Despite the massive amounts of data that were analyzed and crunched to create this amazing and true scenario, it only scratches the surface of what big data is ultimately capable of accomplishing. Collect enough data, and your probabilistic modeling starts approaching 100%, at least in category subsets. Using eugenics to determine the probability of a person’s suitability for a job or a field of study might be against the law, but what is to stop an employer or a university from running a person’s demographic, Facebook, Twitter, credit card, grades, and test records through a big data machine to figure it out? Why wouldn’t you want to, if the answer you ended up with was in excess of 90% accurate?
We are in era of instrumentation. Although many things we touch are already instrumented, the approaches we see today are almost rudimentary compared to what we will see in the future. Today we measure purchases and mouse clicks; tomorrow we will be tracking how long our vision rests on what image of an advertisement, or how often we use product names when speaking into our cell phones. We will measure how long it takes to make a decision when presented with a screen, or if we change our mind when it comes to selection, or how many options we consider when looking at a product. Companies will measure everything they possibly can in the hope that someone will develop a way to monetize that information. And every data point collected brings that company closer into refining and perfecting its product and marketing strategy.

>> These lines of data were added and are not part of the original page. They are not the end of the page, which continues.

lemma complemented_if_averaging_operator:
  assumes "compact_space K" "compact_space L" "continuous_map K L \<phi>" "averaging_operator K L \<phi> P"
  shows "complemented K (pullback K \<phi> ` cspace L)"
proof -
  have P: "bounded_lin_op K L P" "\<And>f. f \<in> cspace L \<Longrightarrow> P (pullback K \<phi> f) = f"
    using assms(4) by (auto simp: averaging_operator_def)
  obtain M where M: "\<And>f y. f \<in> cspace K \<Longrightarrow> y \<in> topspace L \<Longrightarrow> \<bar>P f y\<bar> \<le> M * cnorm K f"
    using bounded_lin_op_pointwise[OF P(1) assms(1,2)] by blast
  have P_cspace: "P g \<in> cspace L" if "g \<in> cspace K" for g
    by (rule lin_op_cspace[OF bounded_lin_op_lin_op[OF P(1)] that])
  have "lin_op K K (\<lambda>g. pullback K \<phi> (P g))"
    using pullback_in_cspace[OF assms(3) P_cspace] lin_op_lincomb[OF bounded_lin_op_lin_op[OF P(1)]]
    by (simp add: lin_op_def pullback_lincomb)
  moreover have "\<phi> y \<in> topspace L" if "y \<in> topspace K" for y
    using assms(3) that by (meson continuous_map_image_subset_topspace image_subset_iff)
  ultimately have "bounded_lin_op K K (\<lambda>g. pullback K \<phi> (P g))"
    using M by (intro bounded_lin_opI[where M=M]) (auto simp: pullback_def)
  moreover have "pullback K \<phi> (P g) \<in> pullback K \<phi> ` cspace L" if "g \<in> cspace K" for g
    using P_cspace[OF that] by blast
  ultimately show ?thesis
    unfolding complemented_def using P(2) by (intro exI[of _ "\<lambda>g. pullback K \<phi> (P g)"]) auto
qed

theorem corollary2p5:
  fixes K :: "'a topology" and L :: "'b topology" and \<phi> :: "'a \<Rightarrow> 'b"
  assumes "compact_space K" and "Hausdorff_space K"
    and "compact_space L" and "Hausdorff_space L"
    and "continuous_map K L \<phi>" and "\<phi> ` topspace K = topspace L"
    and "extension_property K"
    and "scattered_space L" and "finite_height L"
  shows "complemented K (pullback K \<phi> ` cspace L) \<and>
         (\<exists>P. bounded_lin_op K L P \<and> (\<forall>f\<in>cspace L. P (pullback K \<phi> f) = f))"
proof -
  obtain n where "cb_derivative L n = {}"
    using assms(9) unfolding finite_height_def by blast
  then obtain P where "averaging_operator K L \<phi> P"
    using averaging_operator_exists assms(1,3-7) by blast
  then show ?thesis
    using complemented_if_averaging_operator[OF assms(1,3,5)] unfolding averaging_operator_def by blast
qed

It doesn’t have to be about sales and marketing, of course. Another major role instrumentation will play is in the optimization of manufacturing and operations. Instrumentation will identify not just what is going wrong inside an organization, but also what is about to go wrong. How many times does an employee commit the same error? How often is that error repeated across the same type of employee doing the same task? Is it a function of the employee or does the task need to be modified to make it less complex? Before, these questions were hardly ever asked, and when they were, they could only be answered by veterans of an organization. Soon, analytics will be able to predict when processes are failing under stress, or what processes are inefficient due to human errors.

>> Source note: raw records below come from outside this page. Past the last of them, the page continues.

lemma vanishes_on_nonzero_fibres_off_origin:
  assumes conic: "(w^3 - 1) * (t^2 - 1) = (z^3 - 1) * (s^2 - 1)" and fibre: "w^3 \<noteq> 1 \<or> z^3 \<noteq> 1"
    and "t \<noteq> 0 \<or> s \<noteq> 0"
  shows "p (vec4 t s z w) = 0"
proof -
  define \<alpha> where "\<alpha> = w^3 - 1"
  define \<beta> where "\<beta> = z^3 - 1"
  have conic': "\<alpha> * (t^2 - 1) = \<beta> * (s^2 - 1)" using conic by (simp add: \<alpha>_def \<beta>_def)
  obtain a b where ab: "a^2 = 1" "b^2 = 1" "s \<noteq> b" "\<alpha> * (t - a)^2 \<noteq> \<beta> * (s - b)^2"
    using exists_secant_base[OF conic'] fibre \<open>t \<noteq> 0 \<or> s \<noteq> 0\<close> by (auto simp: \<alpha>_def \<beta>_def)
  define m where "m = (t - a) / (s - b)"
  note secant = secant_through_point[OF conic' ab, folded m_def]
  have "\<forall>\<^sub>F l in at 0. (w + 2 * l)^3 - (0 + 0 * l)^3 \<noteq> 1"
    "\<forall>\<^sub>F l in at 0. (z + 1 * l)^3 - (0 + 0 * l)^3 \<noteq> 1"
    "\<forall>\<^sub>F l in at 0. (w + 2 * l)^3 - (z + 1 * l)^3 \<noteq> 0"
    by (rule eventually_linear_powers_ne; simp)+
  then have generic: "\<forall>\<^sub>F l in at 0. (w + 2 * l)^3 - 1 = 1 * ((w + 2 * l)^3 - 1) \<and>
      (z + l)^3 - 1 = 1 * ((z + l)^3 - 1) \<and> (1::complex) \<noteq> 0 \<and> (w + 2 * l)^3 - 1 \<noteq> 0 \<and>
      (z + l)^3 - 1 \<noteq> 0 \<and> (w + 2 * l)^3 - 1 \<noteq> (z + l)^3 - 1"
    by eventually_elim simp
  have lim: "((\<lambda>l. z + l) \<longlongrightarrow> z) (at 0)" "((\<lambda>l. w + 2 * l) \<longlongrightarrow> w) (at 0)"
    "((\<lambda>l. (w + 2 * l)^3 - 1) \<longlongrightarrow> \<alpha>) (at 0)" "((\<lambda>l. (z + l)^3 - 1) \<longlongrightarrow> \<beta>) (at 0)"
    unfolding \<alpha>_def \<beta>_def by (auto intro!: tendsto_eq_intros)
  have "p (vec4 (secant_t \<alpha> \<beta> a b m) (secant_s \<alpha> \<beta> a b m) z w) = 0"
    by (rule vanishes_at_deformed_secant[OF ab(1,2) secant(1) lim generic])
  then show ?thesis using secant(2,3) by simp
qed

lemma vanishes_on_nonzero_fibres:
  assumes conic: "(w^3 - 1) * (t^2 - 1) = (z^3 - 1) * (s^2 - 1)" and fibre: "w^3 \<noteq> 1 \<or> z^3 \<noteq> 1"
  shows "p (vec4 t s z w) = 0"
proof (cases "t = 0 \<and> s = 0")
  case False
  with assms show ?thesis by (intro vanishes_on_nonzero_fibres_off_origin) auto
next
  case True
  text \<open>Through the origin the conic has \<open>\<alpha> = \<beta>\<close>, so it contains the diagonal.\<close>
  with conic have "w^3 = z^3" by simp
  have "p (vec4 0 0 z w) = 0"
  proof (rule vanishes_at_limit[OF tendsto_ident_at tendsto_ident_at tendsto_const tendsto_const])
    show "\<forall>\<^sub>F l in at 0. p (vec4 l l z w) = 0"
      using eventually_neq_at_within[of 0 0 UNIV]
      by eventually_elim (rule vanishes_on_nonzero_fibres_off_origin, use fibre \<open>w^3 = z^3\<close> in auto)
  qed
  with True show ?thesis by simp
qed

We all like to look at ourselves as unique individuals with unique circumstances and unique capabilities, and in many ways we are. But where we are not unique are in the form of habits. Habits that describe how we lead our lives, how we make decisions, and what attracts us to consume something. Understanding and exploiting these habits is not a challenge to our uniqueness; rather, it is an affirmation of the banality of our decision-making when we allow ourselves to run on autopilot. Nothing messes up a good model like an exception to the rule.